Для рыжей лисички Веснушки лес был не просто домом. Он был огромным, живым существом, которое постоянно разговаривало с ней. У него был свой голос: утренний хор дроздов, перебранки сорок, неторопливое перешёптывание листвы, ворчливое бормотание барсука из норы и далёкий, убаюкивающий шум ручья. Веснушка знала каждый звук, как свои пять пальцев. Они сплетались в одну большую, уютную симфонию, которая означала, что всё в порядке.

Первый день тишины был похож на странный сон.

Проснувшись на рассвете, Веснушка не услышала знакомого щебета.

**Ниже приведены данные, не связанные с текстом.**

lemma Etilde_fg_linked: "fg_linked rho pi_fun Etilde (\<subseteq>)"
proof (rule fg_linked_if_finite_families[where S = Tlev
      and C = "\<lambda>i u. {p \<in> Etilde. u \<in> p \<and> prefix (stem p) u}"])
  show "filterlim rho at_top sequentially"
    by (rule filterlim_at_top_mono[OF filterlim_ident always_eventually])
      (simp add: rho_def le_max_iff_disj)
  show "filterlim pi_fun at_top sequentially"
    by (rule filterlim_at_top_mono[OF filterlim_ident always_eventually])
      (use pi_fun_ge add_leD1 in blast)
  show "0 < pi_fun i" "card (Tlev i) \<le> rho i" for i
    using pi_fun_ge[of i] by (simp_all add: rho_def)
  show "finite (Tlev i)" for i
    by (rule finite_Tlev)
  show "{p \<in> Etilde. u \<in> p \<and> prefix (stem p) u} \<subseteq> Etilde \<and>
      linked_set (pi_fun i) {p \<in> Etilde. u \<in> p \<and> prefix (stem p) u} Etilde (\<subseteq>)"
    if "u \<in> Tlev i" for i u
    using Etilde_common_lower_bound[OF length_Tlev[OF that]] by (auto simp: linked_set_def)
  show "\<forall>\<^sub>F i in sequentially. \<exists>u\<in>Tlev i. q \<in> {p \<in> Etilde. u \<in> p \<and> prefix (stem p) u}"
    if q: "q \<in> Etilde" for q
  proof (rule eventually_sequentiallyI)
    fix i
    assume "length (stem q) \<le> i"
    then obtain u where "u \<in> q" "prefix (stem q) u" "length u = i"
      using Etilde_level_nonempty[OF q] by blast
    then show "\<exists>u\<in>Tlev i. q \<in> {p \<in> Etilde. u \<in> p \<and> prefix (stem p) u}"
      using q Etilde_D(1)[OF q] by (auto simp: subtree_def in_Tstar_iff)
  qed
qed

section \<open>Sizes of levels\<close>

definition level :: "nat list set \<Rightarrow> nat \<Rightarrow> nat list set" where
  "level X j = {t \<in> X. length t = j}"

definition cone :: "nat list \<Rightarrow> nat list set" where
  "cone s = {t \<in> Tstar. prefix s t \<or> prefix t s}"

lemma finite_level: "X \<subseteq> Tstar \<Longrightarrow> finite (level X j)"
  by (rule finite_subset[OF _ finite_Tlev[of j]]) (auto simp: level_def in_Tstar_iff)

lemma sum_card_succs_le_card_level:
  assumes "p \<subseteq> Tstar"
  shows "(\<Sum>u\<in>level p j. card (succs p u)) \<le> card (level p (Suc j))"
proof -
  have "(\<Sum>u\<in>level p j. card (succs p u)) = card (\<Union>u\<in>level p j. succs p u)"
    using finite_level[OF assms] finite_Omega
    by (intro card_UN_disjoint[symmetric]) (auto simp: succs_def Omega_def intro: finite_subset)
  also have "\<dots> \<le> card (level p (Suc j))"
    using finite_level[OF assms] by (intro card_mono) (auto simp: level_def succs_def Omega_def)
  finally show ?thesis .
qed

lemma level_cone:
  assumes "length s \<le> j"
  shows "level (cone s) j = {t \<in> Tstar. prefix s t \<and> length t = j}"
proof -
  have "prefix s t" if "prefix t s" "length t = j" for t
    using prefix_length_prefix[of s s t] that assms by simp
  then show ?thesis
    by (auto simp: level_def cone_def)
qed

lemma card_level_cone_Suc:
  assumes "length s \<le> j"
  shows "card (level (cone s) (Suc j)) = M_fun j * card (level (cone s) j)"
proof -
  have "level (cone s) (Suc j) = (\<Union>w\<in>level (cone s) j. Omega w)"
  proof (intro set_eqI iffI)
    fix t
    assume t: "t \<in> level (cone s) (Suc j)"
    then have "t \<noteq> []"
      by (auto simp: level_def)
    then obtain w l where "t = w @ [l]"
      by (cases t rule: rev_cases) auto
    then show "t \<in> (\<Union>w\<in>level (cone s) j. Omega w)"
      using t assms by (auto simp: level_cone Omega_def snoc_in_Tstar_iff)
  next
    fix t
    assume "t \<in> (\<Union>w\<in>level (cone s) j. Omega w)"
    then show "t \<in> level (cone s) (Suc j)"
      using assms by (auto simp: level_cone Omega_def snoc_in_Tstar_iff)
  qed
  moreover have "finite (level (cone s) j)"
    by (rule finite_level) (auto simp: cone_def)
  then have "card (\<Union>w\<in>level (cone s) j. Omega w) = (\<Sum>w\<in>level (cone s) j. card (Omega w))"
    by (intro card_UN_disjoint finite_Omega ballI impI) (auto simp: Omega_def)
  ultimately show ?thesis
    by (simp add: card_Omega level_def)
qed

Она насторожилась, прислушалась. Ничего. Только её собственное сердце, застучавшее чуть быстрее. Она вылезла из норы и побежала к ручью — его привычный шум был ей опорой. Но чем ближе она подбегала, тем громче становилась... тишина. Ручей не журчал. Он был неподвижным и немым.

Паника, острая и холодная, сжала её горло. Она металась по лесу, заглядывая в знакомые места. Гнездо певчего дрозда — пусто. Барсучья нора — вход аккуратно засыпан, будто хозяин спешно ушёл и не собирался возвращаться. Лес опустел. Он не просто замолчал. Он вымер.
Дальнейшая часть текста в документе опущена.